■ **Problem statement**: Copy nothing from the entries below except the lines from the one containing "fix w assume" through the one containing "using assms by", and copy those exactly.

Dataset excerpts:
··········
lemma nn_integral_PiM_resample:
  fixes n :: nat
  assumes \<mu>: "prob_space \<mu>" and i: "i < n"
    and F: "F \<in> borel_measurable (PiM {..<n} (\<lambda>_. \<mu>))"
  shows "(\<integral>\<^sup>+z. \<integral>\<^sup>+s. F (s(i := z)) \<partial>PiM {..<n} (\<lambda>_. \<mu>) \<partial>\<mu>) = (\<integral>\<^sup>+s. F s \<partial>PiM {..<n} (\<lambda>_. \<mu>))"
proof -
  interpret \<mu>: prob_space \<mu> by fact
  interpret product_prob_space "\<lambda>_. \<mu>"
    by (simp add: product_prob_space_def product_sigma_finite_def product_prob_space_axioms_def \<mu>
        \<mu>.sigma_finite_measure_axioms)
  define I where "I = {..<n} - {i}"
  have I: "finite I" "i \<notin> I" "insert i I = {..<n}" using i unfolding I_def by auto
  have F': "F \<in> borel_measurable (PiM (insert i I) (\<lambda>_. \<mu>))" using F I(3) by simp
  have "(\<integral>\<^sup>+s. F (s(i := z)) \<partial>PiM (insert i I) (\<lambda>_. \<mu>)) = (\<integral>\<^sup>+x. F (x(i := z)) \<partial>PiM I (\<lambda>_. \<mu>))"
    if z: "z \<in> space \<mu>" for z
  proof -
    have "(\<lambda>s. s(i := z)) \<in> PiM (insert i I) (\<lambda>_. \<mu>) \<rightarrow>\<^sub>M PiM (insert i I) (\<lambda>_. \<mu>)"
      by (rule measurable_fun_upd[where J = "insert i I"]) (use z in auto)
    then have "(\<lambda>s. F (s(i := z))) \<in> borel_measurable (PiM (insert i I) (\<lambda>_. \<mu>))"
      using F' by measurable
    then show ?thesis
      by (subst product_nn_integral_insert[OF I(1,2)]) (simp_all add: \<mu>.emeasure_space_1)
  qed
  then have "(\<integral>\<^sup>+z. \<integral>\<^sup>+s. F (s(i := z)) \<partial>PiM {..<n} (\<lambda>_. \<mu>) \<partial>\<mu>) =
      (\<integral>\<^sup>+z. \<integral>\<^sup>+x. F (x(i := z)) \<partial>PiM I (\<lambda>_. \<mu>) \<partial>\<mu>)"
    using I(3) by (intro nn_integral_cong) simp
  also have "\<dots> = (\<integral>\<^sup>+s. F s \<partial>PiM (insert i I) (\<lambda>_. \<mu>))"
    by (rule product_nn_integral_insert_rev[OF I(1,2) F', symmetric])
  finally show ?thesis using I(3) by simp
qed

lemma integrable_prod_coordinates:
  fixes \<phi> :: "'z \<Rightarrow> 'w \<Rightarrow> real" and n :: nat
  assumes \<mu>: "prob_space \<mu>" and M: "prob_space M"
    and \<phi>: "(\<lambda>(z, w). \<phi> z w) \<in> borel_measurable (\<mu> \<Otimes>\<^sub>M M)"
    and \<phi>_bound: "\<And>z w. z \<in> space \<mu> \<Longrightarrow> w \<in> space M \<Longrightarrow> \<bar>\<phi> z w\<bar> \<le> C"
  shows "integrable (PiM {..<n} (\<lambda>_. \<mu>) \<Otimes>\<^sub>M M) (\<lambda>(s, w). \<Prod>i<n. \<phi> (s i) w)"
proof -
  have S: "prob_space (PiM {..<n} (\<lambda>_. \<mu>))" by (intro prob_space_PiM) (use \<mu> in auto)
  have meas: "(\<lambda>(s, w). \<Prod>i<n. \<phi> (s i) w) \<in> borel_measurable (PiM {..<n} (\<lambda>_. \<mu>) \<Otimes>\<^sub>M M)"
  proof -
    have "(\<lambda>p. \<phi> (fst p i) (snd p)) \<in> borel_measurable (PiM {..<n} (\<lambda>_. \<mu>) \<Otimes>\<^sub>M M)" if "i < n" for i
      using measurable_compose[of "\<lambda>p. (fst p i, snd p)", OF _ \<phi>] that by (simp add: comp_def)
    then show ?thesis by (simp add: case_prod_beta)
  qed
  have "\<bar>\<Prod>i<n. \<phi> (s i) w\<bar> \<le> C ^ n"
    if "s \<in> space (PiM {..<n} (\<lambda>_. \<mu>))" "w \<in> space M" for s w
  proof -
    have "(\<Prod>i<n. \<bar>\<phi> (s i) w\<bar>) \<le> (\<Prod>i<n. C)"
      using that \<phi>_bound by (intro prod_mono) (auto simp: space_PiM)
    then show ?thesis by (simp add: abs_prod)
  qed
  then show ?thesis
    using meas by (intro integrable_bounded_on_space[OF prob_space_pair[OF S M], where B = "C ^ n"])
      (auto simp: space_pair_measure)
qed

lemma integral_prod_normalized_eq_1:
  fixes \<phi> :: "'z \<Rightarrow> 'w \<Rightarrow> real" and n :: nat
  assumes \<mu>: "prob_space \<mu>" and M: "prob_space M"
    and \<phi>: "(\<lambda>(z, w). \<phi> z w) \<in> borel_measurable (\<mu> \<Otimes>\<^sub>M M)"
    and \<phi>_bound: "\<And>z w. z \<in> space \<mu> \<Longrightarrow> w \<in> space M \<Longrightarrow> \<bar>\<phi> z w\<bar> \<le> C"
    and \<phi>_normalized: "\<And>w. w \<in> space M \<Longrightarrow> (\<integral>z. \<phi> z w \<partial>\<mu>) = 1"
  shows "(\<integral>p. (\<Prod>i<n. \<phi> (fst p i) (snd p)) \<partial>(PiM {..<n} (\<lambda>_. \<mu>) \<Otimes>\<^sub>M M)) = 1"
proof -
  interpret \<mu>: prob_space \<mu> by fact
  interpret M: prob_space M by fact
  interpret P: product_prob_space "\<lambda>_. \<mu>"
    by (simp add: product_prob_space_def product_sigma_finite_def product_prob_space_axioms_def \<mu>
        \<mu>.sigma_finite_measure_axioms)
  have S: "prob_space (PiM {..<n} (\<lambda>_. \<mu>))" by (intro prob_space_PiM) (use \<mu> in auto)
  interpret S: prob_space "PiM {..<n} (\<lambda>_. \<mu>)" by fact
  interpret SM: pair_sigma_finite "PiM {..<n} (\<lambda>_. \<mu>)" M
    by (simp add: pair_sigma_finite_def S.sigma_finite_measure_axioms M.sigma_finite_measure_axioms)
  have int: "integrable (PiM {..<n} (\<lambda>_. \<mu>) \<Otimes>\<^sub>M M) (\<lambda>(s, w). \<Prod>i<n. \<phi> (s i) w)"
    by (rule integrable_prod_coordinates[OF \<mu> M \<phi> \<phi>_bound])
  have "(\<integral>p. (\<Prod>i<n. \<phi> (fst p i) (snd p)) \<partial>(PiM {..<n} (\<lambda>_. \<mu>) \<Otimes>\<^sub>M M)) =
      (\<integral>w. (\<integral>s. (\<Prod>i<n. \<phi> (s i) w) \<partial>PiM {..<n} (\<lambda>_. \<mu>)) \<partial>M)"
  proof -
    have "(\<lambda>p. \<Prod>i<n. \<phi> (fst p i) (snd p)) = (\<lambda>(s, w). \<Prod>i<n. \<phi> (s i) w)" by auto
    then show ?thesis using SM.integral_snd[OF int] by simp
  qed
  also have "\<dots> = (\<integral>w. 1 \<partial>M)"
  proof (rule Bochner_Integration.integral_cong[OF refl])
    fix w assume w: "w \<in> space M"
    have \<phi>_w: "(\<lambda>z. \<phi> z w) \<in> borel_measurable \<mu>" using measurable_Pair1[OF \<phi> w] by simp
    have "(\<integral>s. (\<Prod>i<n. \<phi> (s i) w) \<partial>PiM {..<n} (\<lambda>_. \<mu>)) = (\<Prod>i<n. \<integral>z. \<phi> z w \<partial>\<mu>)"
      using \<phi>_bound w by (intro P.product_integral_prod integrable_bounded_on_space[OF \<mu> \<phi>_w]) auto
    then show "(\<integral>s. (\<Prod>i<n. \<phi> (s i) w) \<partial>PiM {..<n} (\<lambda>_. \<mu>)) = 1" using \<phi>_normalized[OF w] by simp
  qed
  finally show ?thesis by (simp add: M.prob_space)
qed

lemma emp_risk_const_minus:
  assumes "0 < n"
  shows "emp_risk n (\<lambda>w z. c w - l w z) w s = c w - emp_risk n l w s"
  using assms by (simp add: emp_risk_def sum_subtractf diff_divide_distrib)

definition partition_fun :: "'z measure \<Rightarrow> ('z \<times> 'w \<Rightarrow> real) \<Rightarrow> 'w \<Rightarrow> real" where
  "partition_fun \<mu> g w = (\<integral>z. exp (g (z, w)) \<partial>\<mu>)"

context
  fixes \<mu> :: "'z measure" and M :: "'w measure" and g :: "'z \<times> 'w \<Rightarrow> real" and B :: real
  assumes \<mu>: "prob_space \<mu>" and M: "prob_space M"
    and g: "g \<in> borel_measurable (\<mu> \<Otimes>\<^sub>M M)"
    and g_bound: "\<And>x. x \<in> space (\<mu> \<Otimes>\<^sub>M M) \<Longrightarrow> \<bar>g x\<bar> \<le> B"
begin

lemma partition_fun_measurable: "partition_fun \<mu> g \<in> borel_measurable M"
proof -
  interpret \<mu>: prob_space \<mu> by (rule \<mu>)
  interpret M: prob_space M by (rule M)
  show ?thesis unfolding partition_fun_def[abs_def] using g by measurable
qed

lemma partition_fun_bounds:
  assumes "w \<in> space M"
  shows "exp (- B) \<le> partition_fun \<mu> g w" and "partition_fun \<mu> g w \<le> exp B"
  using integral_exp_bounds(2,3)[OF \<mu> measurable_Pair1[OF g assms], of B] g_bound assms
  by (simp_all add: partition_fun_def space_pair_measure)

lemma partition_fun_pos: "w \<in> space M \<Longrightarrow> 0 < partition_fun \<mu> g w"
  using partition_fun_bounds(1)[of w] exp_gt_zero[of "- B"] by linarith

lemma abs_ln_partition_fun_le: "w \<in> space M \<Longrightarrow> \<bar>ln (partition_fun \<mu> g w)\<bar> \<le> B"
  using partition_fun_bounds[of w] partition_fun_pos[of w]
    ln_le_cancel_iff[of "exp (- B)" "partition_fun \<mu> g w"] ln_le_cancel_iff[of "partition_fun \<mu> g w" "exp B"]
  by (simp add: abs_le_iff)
··········
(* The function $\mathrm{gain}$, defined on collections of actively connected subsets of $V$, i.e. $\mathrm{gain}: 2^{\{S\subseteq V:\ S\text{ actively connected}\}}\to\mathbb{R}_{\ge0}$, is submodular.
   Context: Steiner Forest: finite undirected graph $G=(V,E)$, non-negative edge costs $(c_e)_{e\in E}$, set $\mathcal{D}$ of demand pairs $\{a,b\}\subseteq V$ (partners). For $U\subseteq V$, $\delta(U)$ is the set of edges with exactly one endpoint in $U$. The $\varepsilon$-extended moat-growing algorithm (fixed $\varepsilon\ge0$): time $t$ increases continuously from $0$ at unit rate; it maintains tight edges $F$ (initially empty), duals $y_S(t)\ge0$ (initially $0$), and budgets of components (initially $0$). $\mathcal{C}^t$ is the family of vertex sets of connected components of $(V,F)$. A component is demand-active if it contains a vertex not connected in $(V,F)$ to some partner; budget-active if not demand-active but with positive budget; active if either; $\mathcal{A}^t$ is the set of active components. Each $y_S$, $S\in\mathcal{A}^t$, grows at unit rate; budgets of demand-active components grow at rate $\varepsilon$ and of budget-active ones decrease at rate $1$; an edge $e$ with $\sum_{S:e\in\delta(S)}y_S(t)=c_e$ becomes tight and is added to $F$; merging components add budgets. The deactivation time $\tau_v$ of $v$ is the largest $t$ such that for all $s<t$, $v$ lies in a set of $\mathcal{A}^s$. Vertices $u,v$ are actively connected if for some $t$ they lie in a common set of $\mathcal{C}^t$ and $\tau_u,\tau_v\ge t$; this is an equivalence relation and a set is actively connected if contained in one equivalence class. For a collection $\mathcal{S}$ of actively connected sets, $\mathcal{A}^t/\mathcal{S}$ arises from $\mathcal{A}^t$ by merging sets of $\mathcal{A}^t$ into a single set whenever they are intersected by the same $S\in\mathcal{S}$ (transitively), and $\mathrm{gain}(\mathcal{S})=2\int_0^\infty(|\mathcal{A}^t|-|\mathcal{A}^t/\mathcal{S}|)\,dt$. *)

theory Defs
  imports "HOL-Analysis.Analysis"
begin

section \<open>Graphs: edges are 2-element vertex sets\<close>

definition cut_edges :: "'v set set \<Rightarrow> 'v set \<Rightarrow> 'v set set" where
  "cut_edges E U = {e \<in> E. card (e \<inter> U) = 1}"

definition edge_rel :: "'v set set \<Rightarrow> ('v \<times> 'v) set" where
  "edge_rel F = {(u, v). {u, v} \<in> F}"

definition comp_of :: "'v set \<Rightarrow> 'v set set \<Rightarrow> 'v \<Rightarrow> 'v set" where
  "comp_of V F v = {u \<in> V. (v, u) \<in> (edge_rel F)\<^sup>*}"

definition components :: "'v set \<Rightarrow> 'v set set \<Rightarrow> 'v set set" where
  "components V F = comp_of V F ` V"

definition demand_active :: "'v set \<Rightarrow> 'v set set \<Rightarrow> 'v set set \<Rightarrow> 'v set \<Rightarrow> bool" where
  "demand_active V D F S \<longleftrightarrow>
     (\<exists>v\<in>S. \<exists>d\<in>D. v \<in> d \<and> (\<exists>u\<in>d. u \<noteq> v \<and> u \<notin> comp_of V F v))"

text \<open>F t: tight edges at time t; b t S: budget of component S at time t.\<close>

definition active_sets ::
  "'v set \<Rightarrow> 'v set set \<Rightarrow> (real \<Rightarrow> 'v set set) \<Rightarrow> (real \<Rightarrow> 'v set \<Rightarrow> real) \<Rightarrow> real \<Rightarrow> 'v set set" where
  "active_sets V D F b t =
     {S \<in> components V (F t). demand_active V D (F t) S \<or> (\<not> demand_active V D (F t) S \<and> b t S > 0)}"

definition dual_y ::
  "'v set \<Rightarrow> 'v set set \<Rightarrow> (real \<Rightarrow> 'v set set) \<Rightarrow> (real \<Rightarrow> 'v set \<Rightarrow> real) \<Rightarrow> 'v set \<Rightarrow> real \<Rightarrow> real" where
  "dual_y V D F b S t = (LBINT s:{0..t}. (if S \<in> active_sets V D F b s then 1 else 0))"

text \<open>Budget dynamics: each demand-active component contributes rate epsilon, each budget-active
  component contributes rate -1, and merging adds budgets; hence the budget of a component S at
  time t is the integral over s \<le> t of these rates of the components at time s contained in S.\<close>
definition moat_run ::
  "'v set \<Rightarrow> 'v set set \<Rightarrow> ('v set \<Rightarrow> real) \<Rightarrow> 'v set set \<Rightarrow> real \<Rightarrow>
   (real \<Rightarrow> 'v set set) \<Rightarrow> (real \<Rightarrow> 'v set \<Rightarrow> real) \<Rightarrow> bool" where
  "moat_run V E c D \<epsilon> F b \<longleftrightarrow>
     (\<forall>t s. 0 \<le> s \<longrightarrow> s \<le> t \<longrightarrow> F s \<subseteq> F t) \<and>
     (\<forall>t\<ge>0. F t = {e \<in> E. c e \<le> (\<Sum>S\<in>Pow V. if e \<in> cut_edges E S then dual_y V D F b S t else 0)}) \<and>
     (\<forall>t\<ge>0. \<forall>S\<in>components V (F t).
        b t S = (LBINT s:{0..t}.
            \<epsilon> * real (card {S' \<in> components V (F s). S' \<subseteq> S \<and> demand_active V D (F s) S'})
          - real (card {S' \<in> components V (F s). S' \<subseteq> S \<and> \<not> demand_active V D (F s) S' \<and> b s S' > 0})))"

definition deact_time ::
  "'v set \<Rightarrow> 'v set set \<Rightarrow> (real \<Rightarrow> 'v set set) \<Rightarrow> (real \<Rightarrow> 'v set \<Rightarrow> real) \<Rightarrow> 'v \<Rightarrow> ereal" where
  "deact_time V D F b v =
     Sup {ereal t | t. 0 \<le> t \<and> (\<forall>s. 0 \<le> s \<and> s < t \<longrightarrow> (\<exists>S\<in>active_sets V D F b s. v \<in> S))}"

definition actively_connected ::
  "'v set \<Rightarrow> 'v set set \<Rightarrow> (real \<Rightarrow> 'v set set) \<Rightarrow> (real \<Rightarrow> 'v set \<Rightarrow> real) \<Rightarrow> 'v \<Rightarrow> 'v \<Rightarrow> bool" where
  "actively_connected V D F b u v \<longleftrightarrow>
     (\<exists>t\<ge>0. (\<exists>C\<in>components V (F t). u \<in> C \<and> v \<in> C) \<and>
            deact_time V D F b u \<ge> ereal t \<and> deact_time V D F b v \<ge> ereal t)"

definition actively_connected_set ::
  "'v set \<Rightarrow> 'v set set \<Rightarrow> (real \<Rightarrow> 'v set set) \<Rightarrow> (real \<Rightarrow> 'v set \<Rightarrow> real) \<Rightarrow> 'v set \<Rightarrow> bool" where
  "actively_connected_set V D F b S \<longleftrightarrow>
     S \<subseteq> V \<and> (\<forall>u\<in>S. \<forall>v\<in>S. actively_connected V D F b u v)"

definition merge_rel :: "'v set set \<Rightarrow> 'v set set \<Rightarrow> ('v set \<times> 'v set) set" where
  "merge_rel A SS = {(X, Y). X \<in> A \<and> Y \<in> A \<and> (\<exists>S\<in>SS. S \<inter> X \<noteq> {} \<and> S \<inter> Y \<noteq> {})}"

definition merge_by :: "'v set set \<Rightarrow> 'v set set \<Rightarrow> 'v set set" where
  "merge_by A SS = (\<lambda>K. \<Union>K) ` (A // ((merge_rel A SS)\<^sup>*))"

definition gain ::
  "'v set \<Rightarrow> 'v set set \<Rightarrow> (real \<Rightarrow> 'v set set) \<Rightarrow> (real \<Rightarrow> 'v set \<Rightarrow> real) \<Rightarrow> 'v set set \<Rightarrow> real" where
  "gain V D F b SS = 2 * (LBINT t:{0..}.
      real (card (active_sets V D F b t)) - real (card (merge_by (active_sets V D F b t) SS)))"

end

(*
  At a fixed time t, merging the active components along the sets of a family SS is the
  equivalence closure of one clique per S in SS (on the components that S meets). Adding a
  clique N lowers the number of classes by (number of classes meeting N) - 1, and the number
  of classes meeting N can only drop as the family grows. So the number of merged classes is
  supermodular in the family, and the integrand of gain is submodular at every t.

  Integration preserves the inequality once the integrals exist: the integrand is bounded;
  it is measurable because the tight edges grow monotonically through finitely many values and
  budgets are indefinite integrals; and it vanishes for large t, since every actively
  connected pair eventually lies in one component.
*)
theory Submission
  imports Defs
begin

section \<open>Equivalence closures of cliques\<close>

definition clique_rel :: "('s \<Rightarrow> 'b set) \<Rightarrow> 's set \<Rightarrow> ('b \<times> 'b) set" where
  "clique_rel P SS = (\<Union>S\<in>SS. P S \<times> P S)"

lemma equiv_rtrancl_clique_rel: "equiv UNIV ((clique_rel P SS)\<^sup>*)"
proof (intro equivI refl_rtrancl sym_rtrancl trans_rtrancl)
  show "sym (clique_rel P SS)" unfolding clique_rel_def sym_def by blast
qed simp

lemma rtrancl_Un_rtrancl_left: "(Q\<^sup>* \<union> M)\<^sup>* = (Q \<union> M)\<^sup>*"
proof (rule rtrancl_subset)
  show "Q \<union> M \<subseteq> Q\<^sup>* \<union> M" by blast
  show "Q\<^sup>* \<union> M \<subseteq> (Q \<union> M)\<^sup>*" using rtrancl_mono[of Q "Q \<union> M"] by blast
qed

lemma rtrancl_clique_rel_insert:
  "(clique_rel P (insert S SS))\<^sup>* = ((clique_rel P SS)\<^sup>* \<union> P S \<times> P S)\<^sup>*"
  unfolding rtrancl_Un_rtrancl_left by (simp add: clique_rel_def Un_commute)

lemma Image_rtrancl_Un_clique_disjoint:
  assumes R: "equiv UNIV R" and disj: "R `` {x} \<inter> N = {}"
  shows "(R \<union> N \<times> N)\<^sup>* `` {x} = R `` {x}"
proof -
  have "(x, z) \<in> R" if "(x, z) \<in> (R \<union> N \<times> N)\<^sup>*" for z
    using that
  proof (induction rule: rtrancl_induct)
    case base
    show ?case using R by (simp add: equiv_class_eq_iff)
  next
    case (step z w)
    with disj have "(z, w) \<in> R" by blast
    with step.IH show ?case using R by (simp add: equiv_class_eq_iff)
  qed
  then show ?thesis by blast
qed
··········
■ **Response area**:
    fix w assume w: "w \<in> space M"
    have \<phi>_w: "(\<lambda>z. \<phi> z w) \<in> borel_measurable \<mu>" using measurable_Pair1[OF \<phi> w] by simp
    have "(\<integral>s. (\<Prod>i<n. \<phi> (s i) w) \<partial>PiM {..<n} (\<lambda>_. \<mu>)) = (\<Prod>i<n. \<integral>z. \<phi> z w \<partial>\<mu>)"
      using \<phi>_bound w by (intro P.product_integral_prod integrable_bounded_on_space[OF \<mu> \<phi>_w]) auto
    then show "(\<integral>s. (\<Prod>i<n. \<phi> (s i) w) \<partial>PiM {..<n} (\<lambda>_. \<mu>)) = 1" using \<phi>_normalized[OF w] by simp
  qed
  finally show ?thesis by (simp add: M.prob_space)
qed

lemma emp_risk_const_minus:
  assumes "0 < n"
  shows "emp_risk n (\<lambda>w z. c w - l w z) w s = c w - emp_risk n l w s"
  using assms by (simp add: emp_risk_def sum_subtractf diff_divide_distrib)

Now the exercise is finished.